A la demande de Mme Saran, je vous met une page de lecture tirée d'un livre de Colette
LE CHAT
Il n'y a pas de chats ordinaires. Il y a des chats malheureux, des chats obligés à la dissimulation, des chats méconnus, des chats qu'.une'inguérissable erreur humaine distribue à des mains indignes, des chats qui attendent, leur vie durant, une récom­pense qui ne viendra jamais : la compréhension et la pitié. Mais tant de misère et de malchance ne suf­fisent pas à former un chat ordinaire.

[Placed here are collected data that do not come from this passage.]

lemma ideal_eq_ideal_generated_if_local_generator:
  fixes M :: "'a::comm_ring_1 set"
  assumes M: "ideal_in UNIV M"
    and F: "finite F" "F \<subseteq> M" "\<And>N. maximal_ideal_in UNIV N \<Longrightarrow> F \<subseteq> N \<Longrightarrow> N = M"
    and t: "local_generator M t"
  shows "M = ideal_generated (insert t F)"
proof
  let ?J = "ideal_generated (insert t F)"
  have J: "ideal_in UNIV ?J" by (rule ideal_generated_ideal)
  have multiple: "a * x \<in> ?J" if "x \<in> insert t F" for a x
    using F(1) that by (intro ideal_mult[OF J] generator_in_ideal_generated) simp_all
  show "?J \<subseteq> M"
    using M F(1,2) t by (intro ideal_generated_subset) (simp_all add: local_generator_def)
  show "M \<subseteq> ?J"
  proof
    fix m assume "m \<in> M"
    show "m \<in> ?J"
    proof (rule mem_ideal_if_locally_mem[OF J])
      fix N :: "'a set" assume N: "maximal_ideal_in UNIV N"
      show "\<exists>s. s \<notin> N \<and> s * m \<in> ?J"
      proof (cases "N = M")
        case True
        obtain a s where "s \<notin> M" "s * m = a * t"
          using t \<open>m \<in> M\<close> unfolding local_generator_def by blast
        then have "s \<notin> N" "s * m \<in> ?J" using True multiple[of t a] by simp_all
        then show ?thesis by blast
      next
        case False
        then obtain s where "s \<in> F" "s \<notin> N" using F(3)[OF N] by blast
        then have "s \<notin> N" "s * m \<in> ?J" using multiple[of s m] by (simp_all add: mult.commute)
        then show ?thesis by blast
      qed
    qed
  qed
qed

theorem proposition2p3:
  fixes M :: "'a::idom set"
  assumes "almost_dedekind TYPE('a)"
    and "maximal_ideal_in UNIV M"
  shows "isolated_point_in max_inverse M \<longleftrightarrow> finitely_generated_ideal M"
proof
  assume "isolated_point_in max_inverse M"
  then obtain F where F: "finite F" "F \<subseteq> M" "\<And>N. maximal_ideal_in UNIV N \<Longrightarrow> F \<subseteq> N \<Longrightarrow> N = M"
    using isolated_point_max_inverse_iff[OF assms(2)] by blast
  have "is_DVR (localization M)" using assms unfolding almost_dedekind_def by blast
  then obtain t where t: "local_generator M t"
    by (rule local_generator_if_DVR[OF maximal_imp_prime_ideal[OF assms(2)]])
  have "M = ideal_generated (insert t F)"
    using maximal_ideal_ideal[OF assms(2)] F t by (rule ideal_eq_ideal_generated_if_local_generator)
  then show "finitely_generated_ideal M"
    unfolding finitely_generated_ideal_iff using F(1) by blast
next
  assume "finitely_generated_ideal M"
  then obtain F where F: "finite F" "M = ideal_generated F"
    unfolding finitely_generated_ideal_iff by blast
  have "F \<subseteq> M" using F generator_in_ideal_generated by blast
  moreover have "N = M" if N: "maximal_ideal_in UNIV N" "F \<subseteq> N" for N
  proof -
    have "M \<subseteq> N" using F N by (simp add: ideal_generated_subset maximal_ideal_ideal)
    then show ?thesis using assms(2) N(1) unfolding maximal_ideal_in_def by blast
  qed
  ultimately show "isolated_point_in max_inverse M"
    using isolated_point_max_inverse_iff[OF assms(2)] F(1) by blast
qed

end
(* Let $(G,\mu,[R])$ be a random-predicate $k$-player projection game, let $n\geqslant1$ and $i,p\in[k]$. Then $\mathbf{val}(\mathcal{T}^i_p(G)^{\otimes n})\geqslant\mathbf{val}(G^{\otimes n})^2$.
   Context: A random-predicate $k$-player game $(G,\mu,[R])$ has finite question sets $\mathcal{X}_j$, finite answer sets $\mathcal{A}_j$, a distribution $\mu$ on $\mathcal{X}_1\times\cdots\times\mathcal{X}_k$, and predicates $V_r$, $r\in[R]$; the verifier samples $q\sim\mu$ and $r\in[R]$ uniformly and independently, player $j$ answers $\alpha^j(q|_j)$ ($q|_j$ the $j$-th coordinate), and accepts iff $V_r(q,\text{answers})=1$. It is a projection game if for every $q$ and $r$ there are $D\geqslant1$ and maps $\sigma^j:\mathcal{A}_j\to[D]$ with $V_r(q,(a^1,\dots,a^k))=1$ iff $\sigma^j(a^j)=\sigma^{j'}(a^{j'})$ for all $j\neq j'$. In $G^{\otimes n}$, pairs $(q_m,r_m)$, $m\in[n]$, are sampled independently, player $j$ receives the $j$-th coordinates of $q_1,\dots,q_n$ and answers via a function $\mathcal{X}_j^n\to\mathcal{A}_j^n$, and the verifier accepts iff $V_{r_m}$ accepts coordinate $m$ for every $m$; $\mathbf{val}$ is the maximum acceptance probability. The $i$-link distribution $L_i(G)$: sample $v\sim\mu|_i$, then $q,q'$ independently from $\mu$ conditioned on $q|_i=q'|_i=v$. For $q=(x^1,\dots,x^k)$, $q'=(y^1,\dots,y^k)$, $\Pi^p((q,q'))=(y^1,\dots,y^{p-1},x^p,y^{p+1},\dots,y^k)$. The game $\mathcal{T}^i_p(G)$: the verifier samples $(q,q')\sim L_i(G)$ and $r\in[R]$ uniformly and independently, sends the coordinates of $\Pi^p((q,q'))$ to the players, accepts by default if $q\neq q'$, and if $q=q'$ accepts the answers $a$ iff $V_r(q,a)=1$. In $\mathcal{T}^i_p(G)^{\otimes n}$ the triples $(q_m,q'_m,r_m)$, $m\in[n]$, are sampled independently, player $j$ receives the $j$-th coordinates of $\Pi^p((q_m,q'_m))$, $m\in[n]$, and the verifier accepts iff it accepts in every coordinate. *)

theory Defs
  imports "HOL-Probability.Probability"
begin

La castration même ne ravale pas le caractère du félin domestique. Kiki-la-Doucette, parfaitement neutralisé dès son jeune âge, n'avait subi qu'une diminution physique. Une gaieté intacte illuminait ses yeux verts de magnifique bâtard, rayé à poils très longs, avec un peu de blanc au long du ventre. Il chassait et combattait ; les matous campagnards apprirent vite à craindre la stratégie qu'il inventa ; bloquant un chat au bas d'un étage de cave, Kiki-la-Doucette prenait son élan et s'abattait sur son ennemi en planant comme un polatouche.
Chaque chat rencontré m'a fourni l'exemple d'une vertu personnelle, et donné à croire que j'avais à peindre chaque fois le chat qui ne fût né, qui n'eût vécu que pour moi.
A tant de lignes survivront peu de pages. Il méri­tait mieux, l'animal à qui le créateur fit le plus grand œil, le plus doux pelage, la narine suprême­ment délicate, l'oreille mobile, la patte sans rivale et la griffe courbe empruntée au rosier ; l'animal le plus traqué, le moins heureux et, comme dit Pierre Loti, la bête la mieux organisée pour souffrir.
Je n'ai guère cessé de chanter le chat. Mon los sans doute ne prendra fin qu'avec moi-même. Une grande vague, qui n'est point affaire de pusillanime tendresse, me mène, me ramène à lui ; c'est que souvent le chat, de par sa prédilection et sa fidélité, m'a semblé encore plus soucieux de moi que je n'étais occupée de lui.